「この先、何かしたいことはある?」

 このところ体調がすぐれず、ゴルフもしないし酒も飲まない。最後にゴルフをしたのが5月23日でその一週間以上前から動けずにゴロゴロしていたから、もう一ヶ月くらいおかしい状態だ。そういう中で22日、23日と前から決まっていたゴルフを強行してすっかりおかしくなったような気がする。その後はしつこくひどい咳が一週間くらい続き、それがやっと良くなったと思ったら喉が猛烈に痛くなって今も治らない。医者から薬をもらっているのだが本当にこじれると中々良くならないものだと思う。そんな中で放送大学の授業が始まり、週一回午後に1時間25分の講義を二回やるのだが、これがかなりきつい。先週も終わるとぐったりしてしまった。

 そういえばわたしの兄も妻の兄も60代半ばで死んだことを思い出す。その年齢で死ぬ人は割合多く、この辺に一つの壁があるような気がする。わたしは本質的にはバカで楽観的なので、いま自分が死ぬことなど真剣に考えない。しかし色々な機会に自分が死んでもおかしくない年齢になったことはつくづく感じる。そんな時他にやりたいことはないか、やり残したことはないかなどと考える。まあ人間とは面白いものだ。

 冷静に考えると、これだけはしておきたいとか、これをやり遂げなくては死にきれないというものはない。そんなことが言える人はとても幸せな人なのだろうと思う。人生でやりたいこと、やるべきことが明確になっていたのだから。そもそもわたしにはやりたいことなどあまりなかったような気がする。とりあえず目の前にある問題に対処することで時間を過ごしてきた。会社に入ったのも生活のためで、外資系は自分に合っていそうだし給料も良さそうだ、というのが理由だ。その会社ではいろいろな経験をさせてもらい、それなりの給料ももらえて幸運だったと思う。まあそのための努力はした、言い換えればそれなりの貢献なり献身はしたという感覚はある。振り返ってそれなりに良いサラリーマン生活だったと感じる。もし別の道を歩んだら違う人生があったとは思うが、それの方が良かっただろうとは考えない。どちらにも満足と不満があるはずだからだ。

 そんな生き方をしてきたからこのあとで何をしたいかと聞かれると困ってしまう。取り立てて何の才能もないので、何かに打ち込むということがない。ゴルフは好きだが、それほど上手くなれる才能はないから楽しめばいいということになる。だから今までに印象に残ったこと(もう重要な仕事はできないから仕事以外だが)を思い起こしてみる。そうするとやはり海外での出来事が多い。出張先で時間を見つけて街を歩いたことや、ふと入ったカフェやレストランの佇まい、滞在先のホテルで毎日のように行ったレストランの給仕の説明など鮮明に思い出すものがある。まあノスタルジアといえばそんなところだ。

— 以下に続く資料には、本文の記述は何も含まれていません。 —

(* The only normal subgroups of $G=S(2^\infty)\ltimes \widetilde C(X;\mathbb{Z}_2)$ are $\{e\}$, $\widetilde C(X;\mathbb{Z}_2)$ and $G$.
   Context: For $n\ge1$ let $S(2^n)$ be the symmetric group of the finite set $\{0,1\}^n$, embedded in $S(2^{n+1})$ via $s\mapsto\tilde s$, $\tilde s(x,y)=(s(x),y)$ ($x\in\{0,1\}^n$, $y\in\{0,1\}$); $S(2^\infty)=\bigcup_n S(2^n)$. Let $X=\{0,1\}^{\mathbb N}$; $S(2^\infty)$ acts on $X$ by homeomorphisms via $s(x,y)=(s(x),y)$ for $s\in S(2^n)$, $x\in\{0,1\}^n$, $y\in\{0,1\}^{\mathbb N}$. $C(X;\mathbb Z_2)$ is the abelian group of continuous maps $X\to\mathbb Z_2$ under pointwise addition; its elements are $f_A=\mathbf 1_A$ for clopen $A\subseteq X$, with $f_Af_B=f_{A\triangle B}$. $S(2^\infty)$ acts by $g\cdot f_A=f_{g(A)}$. The constant functions $\{f_\emptyset,f_X\}$ form an invariant subgroup and $\widetilde C(X;\mathbb Z_2)$ is the quotient group; $\widetilde f_A$ denotes the class of $f_A$ (so $\widetilde f_A=\widetilde f_{X\setminus A}$). $G=S(2^\infty)\ltimes\widetilde C(X;\mathbb Z_2)$, with $g\widetilde f_Ag^{-1}=\widetilde f_{g(A)}$. *)

theory Defs
  imports "HOL-Analysis.Analysis" "HOL-Algebra.Coset"
begin

text \<open>The Cantor space X = {0,1}^N, modelled as nat => bool with the product topology
  (bool carries its order topology, which is discrete).\<close>
type_synonym cantor = "nat \<Rightarrow> bool"

definition clopen_set :: "cantor set \<Rightarrow> bool" where
  "clopen_set A \<longleftrightarrow> open A \<and> closed A"

text \<open>S(2^infinity): the bijections of X induced by a permutation s of {0,1}^n for some n,
  i.e. g(x,y) = (s(x), y) with x the length-n prefix and y the tail.\<close>
definition Sinf :: "(cantor \<Rightarrow> cantor) set" where
  "Sinf = {g. \<exists>n. bij g
              \<and> (\<forall>x i. n \<le> i \<longrightarrow> g x i = x i)
              \<and> (\<forall>x y. (\<forall>i<n. x i = y i) \<longrightarrow> (\<forall>i<n. g x i = g y i))}"

text \<open>The class of f_A in C(X;Z_2)/{constants}: identified with the set {A, X - A}.\<close>
definition cls :: "cantor set \<Rightarrow> cantor set set" where
  "cls A = {A, - A}"

definition Ctilde :: "cantor set set set" where
  "Ctilde = {cls A | A. clopen_set A}"

text \<open>Group operation on Ctilde: f_A f_B = f_{A symmetric difference B}.\<close>
definition csum :: "cantor set set \<Rightarrow> cantor set set \<Rightarrow> cantor set set" where
  "csum c d = {(A - B) \<union> (B - A) | A B. A \<in> c \<and> B \<in> d}"

text \<open>Action of S(2^infinity): g . f_A = f_{g(A)}.\<close>
definition cact :: "(cantor \<Rightarrow> cantor) \<Rightarrow> cantor set set \<Rightarrow> cantor set set" where
  "cact g c = (\<lambda>A. g ` A) ` c"

text \<open>G = S(2^infinity) semidirect Ctilde; a pair (c, g) stands for the product f g, so
  (f g)(f' g') = (f (g f' g^-1)) (g g').\<close>
definition Ggrp :: "(cantor set set \<times> (cantor \<Rightarrow> cantor)) monoid" where
  "Ggrp = \<lparr> carrier = Ctilde \<times> Sinf,
            mult = (\<lambda>(c, g) (d, h). (csum c (cact g d), g \<circ> h)),
            one = (cls {}, id) \<rparr>"

definition Cpart :: "(cantor set set \<times> (cantor \<Rightarrow> cantor)) set" where
  "Cpart = Ctilde \<times> {id}"

end

(*
  Let N be a normal subgroup of G. If N contains some (f, g) with g ~= id, its commutator with
  f_B, for B a small cylinder around a point moved by g, is f_D for a proper nonempty clopen set D.
  Conjugating f_D by transpositions of cylinders yields f_{U + V} for any two distinct cylinders
  U, V of a fine enough level, hence every single cylinder; as clopen sets are finite disjoint
  unions of cylinders, N contains all of Ctilde, and with it the permutation g itself. The
  commutator of g with a transposition of cylinders is a product of two disjoint transpositions;
  these are all conjugate, every transposition of level n is such a product at level n + 1, and
  transpositions generate the permutations of each level. So N = G. If instead N lies in Ctilde,
  the same argument shows that N is trivial or all of Ctilde.
*)
theory Submission
  imports Defs "HOL-Algebra.Generated_Groups"
begin

section \<open>Cylinders and clopen subsets of the Cantor space\<close>

definition prefix_bits :: "nat \<Rightarrow> cantor \<Rightarrow> bool list" where
  "prefix_bits n x = map x [0..<n]"

lemma length_prefix_bits [simp]: "length (prefix_bits n x) = n"
  by (simp add: prefix_bits_def)

lemma prefix_bits_eq_iff: "prefix_bits n x = prefix_bits n y \<longleftrightarrow> (\<forall>i<n. x i = y i)"
  by (auto simp: prefix_bits_def map_eq_conv)

lemma prefix_bits_Suc: "prefix_bits (Suc n) x = prefix_bits n x @ [x n]"
  by (simp add: prefix_bits_def)

lemma prefix_bits_fun_upd [simp]: "n \<le> m \<Longrightarrow> prefix_bits n (x(m := b)) = prefix_bits n x"
  by (simp add: prefix_bits_eq_iff)

lemma prefix_bits_eq_mono:
  "prefix_bits m x = prefix_bits m y \<Longrightarrow> n \<le> m \<Longrightarrow> prefix_bits n x = prefix_bits n y"
  by (simp add: prefix_bits_eq_iff)

lemma cantor_eqI: "prefix_bits n x = prefix_bits n y \<Longrightarrow> (\<And>i. n \<le> i \<Longrightarrow> x i = y i) \<Longrightarrow> x = y"
  by (rule ext) (metis not_le prefix_bits_eq_iff)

 カフェやレストランなど思い出せないところがほとんどだから、もう一度同じところとは言わないがヨーロッパの街を一週間ずつ滞在して回るのがいいかなと思う。アメリカも良いがNYなどはゆっくりするより慌ただしく過ごしたほうが楽しい。サンフランシスコなどはぶらっとしていても楽しいかもしれないが。後はオーストラリアやニュージーランドでゴルフしながらボーっとするのも良いと思う。三週間くらいが旅行期間としては良いだろう。

 そんなことをしながら年をとっていければいい。凡庸な人生もそうやって終わりを迎えられれば悪くはない。しかしそんなことができるのもせいぜい75歳くらいまでだから、その後はどうするかまだ分からない。痛みを伴う重大な病気に無縁でいられたら良いと思うが、これも運次第だろう。89歳で死んだ父がよく「生きているのも大変なんだ」と言っていたのが分かるような気もする。やはりもうそんな年になったということだ。